---
license: mit
language:
- en
metrics:
- perplexity
base_model:
- google-bert/bert-base-uncased
pipeline_tag: fill-mask
library_name: transformers
tags:
- bert
- masked-language-modeling
- mlm
- fill-mask
- transformers
- finance
- central-bank
- financial-nlp
- economic-policy
- monetary-policy
- BIS
- speeches
- BIS-Speeches
- pretraining
- domain-adaptation
- financial-domain-adaptation
---
# Central Bank-BERT: Domain-Adaptive Masked Language Model for Central Bank Communication
**Central Bank-BERT** is a **domain-adapted masked language model** based on `bert-base-uncased`, pretrained on more than **66 million tokens** across **over 2 million sentences** extracted from **central bank speeches published by the Bank for International Settlements (1996–2024)**.

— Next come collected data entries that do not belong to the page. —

(* Let $\mathcal A=\{1,\dots,m\}$, let $\mathbb X=\mathcal A^{\mathbb Z}$ be the full shift with left shift $S$, let $\mu_0$ be a probability measure on $\mathcal A$ with $\mu_0(\{a\})>0$ for all $a\in\mathcal A$, and let $\mu=\mu_0^{\mathbb Z}$. Let $f_1:\mathbb X\to\mathbb R$ be locally constant of window size $1$, i.e. $f_1(x)=g(x_n)$ for some fixed $n\in\mathbb Z$ and $g:\mathcal A\to\mathbb R$; let $V_x(k)=f_1(S^kx)$, $H_x=\Delta+V_x$, and let $V_{\mathrm{per}}:\mathbb Z\to\mathbb R$ have period two. For $a,b\in\mathcal A$ let $x_{ab}\in\mathbb X$ be given by $(x_{ab})_{2n}=a$, $(x_{ab})_{2n+1}=b$ for all $n\in\mathbb Z$. Then for $\mu$-almost every $x\in\mathbb X$, $$\sigma(H_x+V_{\mathrm{per}})=\bigcup_{a,b\in\mathcal A}\sigma(H_{x_{ab}}+V_{\mathrm{per}}).$$
   Context: $\Delta$ is the discrete Laplacian $(\Delta\psi)(n)=\psi(n+1)+\psi(n-1)$ on $\ell^2(\mathbb Z)$; $(Sx)_n=x_{n+1}$. *)

theory Defs
  imports "HOL-Probability.Probability"
begin

definition l2 :: "(int \<Rightarrow> complex) set" where
  "l2 = {\<psi>. (\<lambda>k. (cmod (\<psi> k))^2) summable_on UNIV}"

definition l2norm :: "(int \<Rightarrow> complex) \<Rightarrow> real" where
  "l2norm \<psi> = sqrt (\<Sum>\<^sub>\<infinity>k. (cmod (\<psi> k))^2)"

definition laplacian :: "(int \<Rightarrow> complex) \<Rightarrow> (int \<Rightarrow> complex)" where
  "laplacian \<psi> = (\<lambda>k. \<psi> (k + 1) + \<psi> (k - 1))"

definition mult_op :: "(int \<Rightarrow> real) \<Rightarrow> (int \<Rightarrow> complex) \<Rightarrow> (int \<Rightarrow> complex)" where
  "mult_op V \<psi> = (\<lambda>k. complex_of_real (V k) * \<psi> k)"

definition spectrum_op :: "((int \<Rightarrow> complex) \<Rightarrow> (int \<Rightarrow> complex)) \<Rightarrow> complex set" where
  "spectrum_op T = {E. \<not> (\<exists>R.
      (\<forall>\<psi>\<in>l2. R \<psi> \<in> l2
              \<and> (\<lambda>k. T (R \<psi>) k - E * R \<psi> k) = \<psi>
              \<and> R (\<lambda>k. T \<psi> k - E * \<psi> k) = \<psi>)
      \<and> (\<exists>C. \<forall>\<psi>\<in>l2. l2norm (R \<psi>) \<le> C * l2norm \<psi>))}"

definition Sshift :: "int \<Rightarrow> (int \<Rightarrow> 'a) \<Rightarrow> (int \<Rightarrow> 'a)" where
  "Sshift k x = (\<lambda>j. x (j + k))"

definition xab :: "'a \<Rightarrow> 'a \<Rightarrow> (int \<Rightarrow> 'a)" where
  "xab a b = (\<lambda>j. if even j then a else b)"

end

theory Submission
  imports Defs
begin

(* Write V = g (x (. + n)) + Vper. Its values at even sites lie in the finite set U0 of the numbers
   g a + Vper 0, those at odd sites in U1 (the g a + Vper 1), and the spectrum of the period-two
   operator with values u, v is the band of all E with 0 <= (E - u) (E - v) <= 4.

   If E lies in no band of a pair (u, v) in U0 x U1, then H_x - E is invertible for every x: for
   non-real E by a Neumann series for psi - i r (H - E) psi, and for real E because eliminating the
   neighbours k + 1, k - 1 leaves a stride-two Jacobi operator that is uniformly strictly diagonally
   dominant. Conversely, almost surely every word of the form abab...ab occurs in x (the events of
   missing it on disjoint windows are independent with probability bounded away from 1), and on such
   windows truncated Bloch waves of the periodic operator are approximate eigenvectors of H_x. *)

definition l2sq :: "(int \<Rightarrow> complex) \<Rightarrow> real" where
  "l2sq \<psi> = (\<Sum>\<^sub>\<infinity>k. (cmod (\<psi> k))^2)"

lemma l2norm_eq_sqrt_l2sq: "l2norm \<psi> = sqrt (l2sq \<psi>)"
  by (simp add: l2norm_def l2sq_def)

lemma l2sq_nonneg: "0 \<le> l2sq \<psi>"
  by (simp add: l2sq_def infsum_nonneg)
(* Let $L$ be a geometric lattice of rank $r+1$ with atoms linearly ordered. If $(b_1,\dots,b_i,b_{i+1},\dots,b_{r+1})$ is the minimal labeling of a facet of $\Delta(L)$ and $b_i<b_{i+1}$, then $(b_1,\dots,b_{i+1},b_i,\dots,b_{r+1})$ (the sequence with $b_i$ and $b_{i+1}$ interchanged) is also the minimal labeling of a facet of $\Delta(L)$.
   Context: A geometric lattice is a finite graded atomic lattice whose rank function $\rho$ satisfies $\rho(x\vee y)+\rho(x\wedge y)\le \rho(x)+\rho(y)$. Facets of the order complex $\Delta(L)$ correspond to maximal chains $\hat 0=x_0<x_1<\dots<x_{r+1}=\hat 1$ of $L$. Fix a linear order on the atoms. For a cover $x\lessdot y$, let $\lambda(x,y)$ be the least atom $a$ with $x\vee a=y$; the minimal labeling of the facet is $(\lambda(x_0,x_1),\dots,\lambda(x_r,x_{r+1}))$. A sequence of atoms is "the minimal labeling of a facet" if it equals the minimal labeling of some maximal chain. *)

theory Defs
  imports Main
begin

definition covers :: "'a::order \<Rightarrow> 'a \<Rightarrow> bool" where
  "covers x y \<longleftrightarrow> x < y \<and> \<not> (\<exists>z. x < z \<and> z < y)"

definition atom :: "'a::bounded_lattice \<Rightarrow> bool" where
  "atom a \<longleftrightarrow> covers bot a"

definition is_join_of :: "'a::order set \<Rightarrow> 'a \<Rightarrow> bool" where
  "is_join_of S x \<longleftrightarrow> (\<forall>a\<in>S. a \<le> x) \<and> (\<forall>z. (\<forall>a\<in>S. a \<le> z) \<longrightarrow> x \<le> z)"

definition atomic_lattice :: "'a::bounded_lattice itself \<Rightarrow> bool" where
  "atomic_lattice _ \<longleftrightarrow> (\<forall>x::'a. \<exists>S. S \<subseteq> {a. atom a} \<and> is_join_of S x)"

definition rank_function :: "('a::bounded_lattice \<Rightarrow> nat) \<Rightarrow> bool" where
  "rank_function \<rho> \<longleftrightarrow> \<rho> bot = 0 \<and> (\<forall>x y. covers x y \<longrightarrow> \<rho> y = Suc (\<rho> x))"

definition geometric_lattice :: "'a::{finite,bounded_lattice} itself \<Rightarrow> bool" where
  "geometric_lattice T \<longleftrightarrow> atomic_lattice T \<and>
     (\<exists>\<rho>::'a \<Rightarrow> nat. rank_function \<rho> \<and>
        (\<forall>x y. \<rho> (sup x y) + \<rho> (inf x y) \<le> \<rho> x + \<rho> y))"

definition linear_order_on_atoms :: "('a::bounded_lattice \<Rightarrow> 'a \<Rightarrow> bool) \<Rightarrow> bool" where
  "linear_order_on_atoms lt \<longleftrightarrow>
     (\<forall>a. atom a \<longrightarrow> \<not> lt a a) \<and>
     (\<forall>a b c. atom a \<and> atom b \<and> atom c \<and> lt a b \<and> lt b c \<longrightarrow> lt a c) \<and>
     (\<forall>a b. atom a \<and> atom b \<and> a \<noteq> b \<longrightarrow> lt a b \<or> lt b a)"

definition maximal_chain :: "'a::bounded_lattice list \<Rightarrow> bool" where
  "maximal_chain xs \<longleftrightarrow> xs \<noteq> [] \<and> hd xs = bot \<and> last xs = top \<and>
     (\<forall>j. Suc j < length xs \<longrightarrow> covers (xs ! j) (xs ! Suc j))"

definition min_label :: "('a::bounded_lattice \<Rightarrow> 'a \<Rightarrow> bool) \<Rightarrow> 'a \<Rightarrow> 'a \<Rightarrow> 'a" where
  "min_label lt x y = (THE a. atom a \<and> sup x a = y \<and>
      (\<forall>b. atom b \<and> sup x b = y \<and> b \<noteq> a \<longrightarrow> lt a b))"

definition min_labeling :: "('a::bounded_lattice \<Rightarrow> 'a \<Rightarrow> bool) \<Rightarrow> 'a list \<Rightarrow> 'a list" where
  "min_labeling lt xs = map (\<lambda>j. min_label lt (xs ! j) (xs ! Suc j)) [0..<length xs - 1]"

definition is_min_labeling_of_facet :: "('a::bounded_lattice \<Rightarrow> 'a \<Rightarrow> bool) \<Rightarrow> 'a list \<Rightarrow> bool" where
  "is_min_labeling_of_facet lt bs \<longleftrightarrow> (\<exists>xs. maximal_chain xs \<and> min_labeling lt xs = bs)"

end

theory Submission
  imports Defs
begin

(* Let x, m, z be consecutive elements of the chain, with labels b = \<lambda>(x, m) < c = \<lambda>(m, z),
   and replace m by y = x \<squnion> c.  Semimodularity makes y cover x, and comparing ranks y is covered
   by z.  Two distinct covers of x below z join to z, so an atom a < c with x \<squnion> a = y would
   satisfy m \<squnion> a = z, against the minimality of c: hence \<lambda>(x, y) = c.  An atom a < b with
   y \<squnion> a = z either labels the cover x < m, against the minimality of b, or again satisfies
   m \<squnion> a = z with a < c: hence \<lambda>(y, z) = b. *)

lemma rank_function_strict_mono:
  fixes \<rho> :: "'a::{finite,bounded_lattice} \<Rightarrow> nat"
  assumes rank: "rank_function \<rho>" and "x < y"
  shows "\<rho> x < \<rho> y"
  using \<open>x < y\<close>
proof (induction "card {w. x < w \<and> w < y}" arbitrary: x y rule: less_induct)
  case less
  show ?case
  proof (cases "covers x y")
    case True
    then show ?thesis using rank by (simp add: rank_function_def)
  next
    case False
    then obtain w where w: "x < w" "w < y" using less.prems by (auto simp: covers_def)
    have "card {v. x < v \<and> v < w} < card {v. x < v \<and> v < y}"
      by (rule psubset_card_mono) (use w in auto)
    moreover have "card {v. w < v \<and> v < y} < card {v. x < v \<and> v < y}"
      by (rule psubset_card_mono) (use w in auto)
    ultimately show ?thesis using less.hyps w by (meson order.strict_trans)
  qed
qed

lemma covers_if_rank_Suc:
  fixes \<rho> :: "'a::{finite,bounded_lattice} \<Rightarrow> nat"
  assumes rank: "rank_function \<rho>" and "x < y" and "\<rho> y = Suc (\<rho> x)"
  shows "covers x y"
proof -
  have "\<not> (x < w \<and> w < y)" for w
    using rank_function_strict_mono[OF rank, of x w] rank_function_strict_mono[OF rank, of w y]
      \<open>\<rho> y = Suc (\<rho> x)\<close> by auto
  then show ?thesis using \<open>x < y\<close> by (auto simp: covers_def)
qed

lemma covers_sup_atom:
  fixes \<rho> :: "'a::{finite,bounded_lattice} \<Rightarrow> nat" and a x :: 'a
  assumes rank: "rank_function \<rho>"
    and semimodular: "\<forall>x y. \<rho> (sup x y) + \<rho> (inf x y) \<le> \<rho> x + \<rho> y"
    and "atom a" and "\<not> a \<le> x"
  shows "covers x (sup x a)"
proof (rule covers_if_rank_Suc[OF rank])
  show less: "x < sup x a"
    using \<open>\<not> a \<le> x\<close> by (simp add: less_le_not_le)
  have "inf x a < a"
    using \<open>\<not> a \<le> x\<close> by (simp add: less_le_not_le)
  then have "inf x a = bot"
    using \<open>atom a\<close> bot.not_eq_extremum unfolding atom_def covers_def by blast
  moreover have "\<rho> a = 1"
    using rank \<open>atom a\<close> by (simp add: rank_function_def atom_def)
  ultimately have "\<rho> (sup x a) \<le> Suc (\<rho> x)"
    using semimodular[rule_format, of x a] rank by (simp add: rank_function_def)
  then show "\<rho> (sup x a) = Suc (\<rho> x)"
    using rank_function_strict_mono[OF rank less] by simp
qed
lemma simultaneous_witnesses:
  fixes S :: "'s set" and Os :: "'a set set"
  assumes M: "finitary_matroid E indM" and S: "infinite S"
    and X: "X \<subseteq> BN - BM" "\<And>U. |U| <o |S| \<Longrightarrow> X - U \<noteq> {}"
    and Os: "Os \<noteq> {}" "|Os| \<le>o |S|"
    and wit: "\<And>K. K \<in> Os \<Longrightarrow> \<exists>P. witnesses_popular E indM indN I BM BN |S| P K"
  shows "\<exists>P. path_system E indM indN BM BN |S| P \<and>
    (\<forall>K\<in>Os. witnesses_popular E indM indN I BM BN |S| P K)"
proof -
  obtain task where task: "task ` S \<subseteq> Os" "\<And>K. K \<in> Os \<Longrightarrow> |S| \<le>o |{s \<in> S. task s = K}|"
    using exists_map_with_large_fibres[OF S Os] by blast
  have "\<forall>K\<in>Os. \<exists>W \<D>. path_system E indM indN BM BN |S| W \<and> (\<forall>C\<in>\<D>. circuit E indM C) \<and>
      |\<D>| =o |S| \<and> delta_system \<D> K \<and> (\<forall>C\<in>\<D>. C - K \<subseteq> I \<union> last ` W)"
    using wit unfolding witnesses_popular_iff by blast
  then obtain W \<D> where W: "\<And>K. K \<in> Os \<Longrightarrow> path_system E indM indN BM BN |S| (W K)"
    and D: "\<And>K. K \<in> Os \<Longrightarrow> (\<forall>C\<in>\<D> K. circuit E indM C) \<and> |\<D> K| =o |S| \<and>
      delta_system (\<D> K) K \<and> (\<forall>C\<in>\<D> K. C - K \<subseteq> I \<union> last ` W K)"
    by metis
  have FS: "Field |S| = S" by (rule Field_card_of)
  have stage: "task s \<in> Os" if "s \<in> S" for s using task(1) that by blast
  have W_paths: "[] \<notin> W (task s)" "vertex_disjoint (W (task s))" if "s \<in> S" for s
    using W[OF stage[OF that]] unfolding path_system_def b_path_def by auto
  have D_large: "|S| \<le>o |\<D> (task s)|" if "s \<in> S" for s
    using D[OF stage[OF that]] ordIso_symmetric ordIso_imp_ordLeq by blast
  have D_delta: "delta_system (\<D> (task s)) (task s)" if "s \<in> S" for s
    using D[OF stage[OF that]] by blast
  have D_fin: "finite C" if "s \<in> S" "C \<in> \<D> (task s)" for s C
    using D[OF stage[OF that(1)]] that(2) circuit_finite[OF M] by blast
  have D_petals: "C - task s \<subseteq> I \<union> last ` W (task s)" if "s \<in> S" "C \<in> \<D> (task s)" for s C
    using D[OF stage[OF that(1)]] that(2) by blast
  obtain C Q e where
    sel: "\<And>s. s \<in> S \<Longrightarrow> C s \<in> \<D> (task s) \<and> Q s \<subseteq> W (task s) \<and> finite (Q s) \<and>
       C s - task s \<subseteq> I \<union> last ` Q s \<and> e s \<in> X \<and> e s \<notin> vertices (Q s)"
    and apart: "\<And>s t. s \<in> S \<Longrightarrow> t \<in> S \<Longrightarrow> s \<noteq> t \<Longrightarrow>
       C s \<noteq> C t \<and> insert (e s) (vertices (Q s)) \<inter> insert (e t) (vertices (Q t)) = {}"
    by (rule transfinite_delta_selection[where r = "|S|" and P = "\<lambda>s. W (task s)"
        and \<D> = "\<lambda>s. \<D> (task s)" and K = task, unfolded FS])
      (assumption | rule card_of_card_order_on S X(2) W_paths D_large D_delta D_fin D_petals | blast)+
  define P where "P = (\<Union>s\<in>S. insert [e s] (Q s))"
  have P: "path_system E indM indN BM BN |S| P"
    unfolding P_def
  proof (rule path_system_fresh_union[OF S])
    fix s assume s: "s \<in> S"
    show "e s \<in> BN - BM \<and> e s \<notin> vertices (Q s)"
      using sel[OF s] X(1) by blast
    show "(\<forall>p\<in>Q s. b_path E indM indN BM BN p) \<and> vertex_disjoint (Q s) \<and> finite (Q s)"
      using sel[OF s] W[OF stage[OF s]] unfolding path_system_def by blast
  next
    fix s t assume "s \<in> S" "t \<in> S" "s \<noteq> t"
    then show "insert (e s) (vertices (Q s)) \<inter> insert (e t) (vertices (Q t)) = {}"
      using apart by blast
  qed
  have "witnesses_popular E indM indN I BM BN |S| P K" if K: "K \<in> Os" for K
  proof -
    let ?F = "{s \<in> S. task s = K}"
    have "inj_on C ?F" using apart by (auto simp: inj_on_def)
    then have "|C ` ?F| =o |?F|"
      by (rule ordIso_symmetric[OF card_of_ordIsoI[OF inj_on_imp_bij_betw]])
    moreover have "|?F| \<le>o |S|" by (rule card_of_mono1) blast
    then have "|?F| =o |S|"
      unfolding ordIso_iff_ordLeq using task(2)[OF K] by blast
    ultimately have card: "|C ` ?F| =o |S|" by (rule ordIso_transitive)
    have sub: "C ` ?F \<subseteq> \<D> K" using sel by auto
    have "\<forall>D\<in>C ` ?F. circuit E indM D"
      using sub D[OF K] by blast
    moreover have "delta_system (C ` ?F) K"
      using D[OF K] sub by (blast intro: delta_system_subset)
    moreover have "\<forall>D\<in>C ` ?F. D - K \<subseteq> I \<union> last ` P"
      using sel unfolding P_def by blast
    ultimately show ?thesis
      unfolding witnesses_popular_iff using P card by blast
  qed
  with P show ?thesis by blast
qed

This model is specifically optimized for **masked token prediction** within the highly specialized domains of **monetary policy**, **financial regulation**, and **macroeconomic communication**, enabling deeper contextual understanding of central banking discourse and financial narratives.
## Dataset Summary
- **Source**: BIS Central Bank Speeches (1996–2024)
- **Total Speeches**: 19,609
- **MLM Sentences**: 2,087,615 (_~2.09M_)
- **Total Tokens**: 66,359,113 (_~66.36M_)
- **Avg. Tokens per Sentence**: 31.79
## Model & Training Details
| **Category** | **Details** |
|------------------------|-----------------------------------------------------------------------------|
| **Tokenizer** | `BertTokenizerFast` (base: `bert-base-uncased`)
Vocab Size: **30,522**
Max Seq Length: **128** |
| **Model** | `BertForMaskedLM` (initialized from `bert-base-uncased`)
Total Params: **109,514,298 (~109.5M)**
Trainable Params: **109,514,298** |
| **Training Setup** | Epochs: **1**
Batch Size (per device): **16**
Gradient Accumulation: **2**
Effective Batch Size: **32**
MLM Probability: **15%** |
| **Hardware** | Device: **NVIDIA Tesla P100 (Kaggle)**
Mixed Precision: **fp16** |
| **Training Duration** | **~8 hrs 18 mins**
Start: *2025-07-19 17:17*
End: *2025-07-20 01:35* |
| **Evaluation Results** | **Perplexity**
bert-base: *13.06*
[`CentralBank-BERT`](https://huggingface.co/bilalzafar/CentralBank-BERT): **4.66** |
> Lower perplexity demonstrates better fit on domain-specific central bank language.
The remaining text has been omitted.